PADOVA - Non conosce la data esatta in cui è nata ma celebra ogni anno il 9 aprile, il giorno in cui è stata ritrovata. La piccola Madhu aveva tre anni, un visetto impaurito e due genitori sconosciuti. Nella primavera del 1995 venne lasciata in una cesta davanti all’orfanotrofio indiano di Delhi e in quella struttura rimase poi per altri sei mesi prima di essere adottata da una famiglia padovana. Oggi Madhu Caterina Amodio è una trentunenne make up artist perfettamente integrata, vive a Maserà e sorride ripercorrendo tutto: «Ho trovato una famiglia meravigliosa e sono riuscita a mia volta a farmi una famiglia. Sarò per sempre grata alla vita». Proprio ieri pomeriggio è corsa alla stazione di Padova assieme al padre adottivo per accogliere un ex studentessa indiana che aveva contribuito ad accudirla, farla crescere e insegnarle la lingua nei suoi primi giorni padovani.

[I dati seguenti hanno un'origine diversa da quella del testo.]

lemma summable_norm_taylor_coeff:
  assumes "f holomorphic_on ball 0 R" "0 \<le> s" "s < R"
  shows "summable (\<lambda>n. norm (taylor_coeff f n) * s ^ n)"
proof -
  define t where "t = (s + R) / 2"
  have t: "s < t" "t < R"
    using assms by (auto simp: t_def)
  then have "norm (of_real t :: complex) < R"
    using assms by simp
  then have "summable (\<lambda>n. taylor_coeff f n * of_real t ^ n)"
    using taylor_coeff_power_series_sums[OF assms(1)] by (auto simp: sums_iff)
  then have "summable (\<lambda>n. norm (taylor_coeff f n * of_real s ^ n))"
    by (rule powser_insidea) (use assms t in auto)
  then show ?thesis
    using assms(2) by (simp add: norm_mult norm_power)
qed

lemma norm_le_suminf_norm_taylor_coeff:
  assumes "f holomorphic_on ball 0 R" "norm w \<le> s" "s < R"
  shows "norm (f w) \<le> (\<Sum>n. norm (taylor_coeff f n) * s ^ n)"
proof -
  have sums: "(\<lambda>n. taylor_coeff f n * w ^ n) sums f w"
    using taylor_coeff_power_series_sums[OF assms(1)] assms by simp
  have le: "norm (taylor_coeff f n * w ^ n) \<le> norm (taylor_coeff f n) * s ^ n" for n
    using assms(2) by (auto simp: norm_mult norm_power intro!: mult_left_mono power_mono)
  have summable: "summable (\<lambda>n. norm (taylor_coeff f n) * s ^ n)"
    using summable_norm_taylor_coeff[OF assms(1) _ assms(3)] assms(2) norm_ge_zero order_trans
    by blast
  have summable_norm_terms: "summable (\<lambda>n. norm (taylor_coeff f n * w ^ n))"
    using le by (intro summable_comparison_test'[OF summable]) simp
  have "norm (f w) \<le> (\<Sum>n. norm (taylor_coeff f n * w ^ n))"
    using summable_norm[OF summable_norm_terms] sums by (simp add: sums_iff)
  also have "\<dots> \<le> (\<Sum>n. norm (taylor_coeff f n) * s ^ n)"
    using le summable_norm_terms summable by (rule suminf_le)
  finally show ?thesis .
qed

Si sono riabbracciate dopo ventotto anni. Un abbraccio che sembrava davvero un inno alla vita. Madhu ha deciso di raccontare la propria storia dopo aver letto tutti gli articoli su Enea, il neonato lasciato nella Culla per la Vita del Policlinico di Milano. «Sono nata a Delhi o almeno così presumo.
LA COSCIENZA
«Ho sempre saputo che ero stata adottata, i miei genitori me lo hanno sempre detto - racconta -. Non c’è stato un momento preciso in cui l’ho realizzato, l’ho sempre saputo e questa cosa mi ha fatto bene. Magari a volte io ero più restia a tirare fuori il passato ma loro me lo hanno sempre normalizzato». «Ricordo bene i pensieri che facevo da bambina: mi ritenevo fortunata perché a Padova potevo avere una mamma mia, un papà mio e un divano mio. Sì, proprio un divano: lo associavo alla possibilità di poter entrare in una casa sapendo che quella era la mia realtà. Potevo sedermi su quel divano senza dover chiedere il permesso a nessuno mentre probabilmente nell’orfanotrofio in India ero stata sottoposta ad un’educazione più rigida». Ieri Madhu ha rivisto dopo una vita Sr Rani, un ex studentessa di Medicina a Padova oggi dottoressa e clarissa. «Quando venni adottata lei diede una mano alla mia famiglia con la traduzione dall’hindi all’italiano. Sr Rani si laureò con ottimi voti in Italia e poi si trasferì prima a Londra e poi a Calcutta. Dopo tantissimi anni è tornata qui, a Padova. A casa di Madhu cresciuta. Io sono quella bambina nella cesta fredda».
LA RIFLESSIONE
Dai ricordi del passato alle riflessioni sul presente e sul caso del piccolo Enea. «Il 9 aprile è il giorno in cui sono stata affidata in un orfanotrofio - ricorda Madhu -. Come Mosè venne affidato con angoscia a quelle acque torbide ma più sicure di quel presente simile ad una condanna. Vengo da un gesto drammatico, ma lungimirante. Chi l’ha fatto mi voleva bene, voleva il mio bene. Quello per me incarna davvero il concetto di madre. Vengo dal pianto di dolore che spinse nell’acqua la cesta di Mosè. Ma la mia non è una vita di condanne. È una vita di possibilità». Il piccolo Enea ha già trovato una famiglia ad accoglierlo a braccia aperte ma Madhu pensa soprattutto all’altra mamma del neonato, quella biologica, che l’ha lasciato in una culla con tre giorni di vita. «Tu, massacrata dal giudizio, sicuramente non leggerai mai ma sappi che nessuna critica sarà più concreta e reale di ciò che hai deciso di fare. Hai deciso di donare possibilità quindi hai deciso di amare. Non sarai presente, ma ci saranno tante persone come Rani, educatori, parenti e nuovi genitori, ricchi di desiderio e consapevolezze d’amore per quel figlio. Vedrai che lo aiuteranno in quel sentiero che hai scelto tu per lui. Hai scelto bene. Hai scelto il giusto». Parola di una figlia lasciata in una cesta fredda. Una figlia adottata e rinata.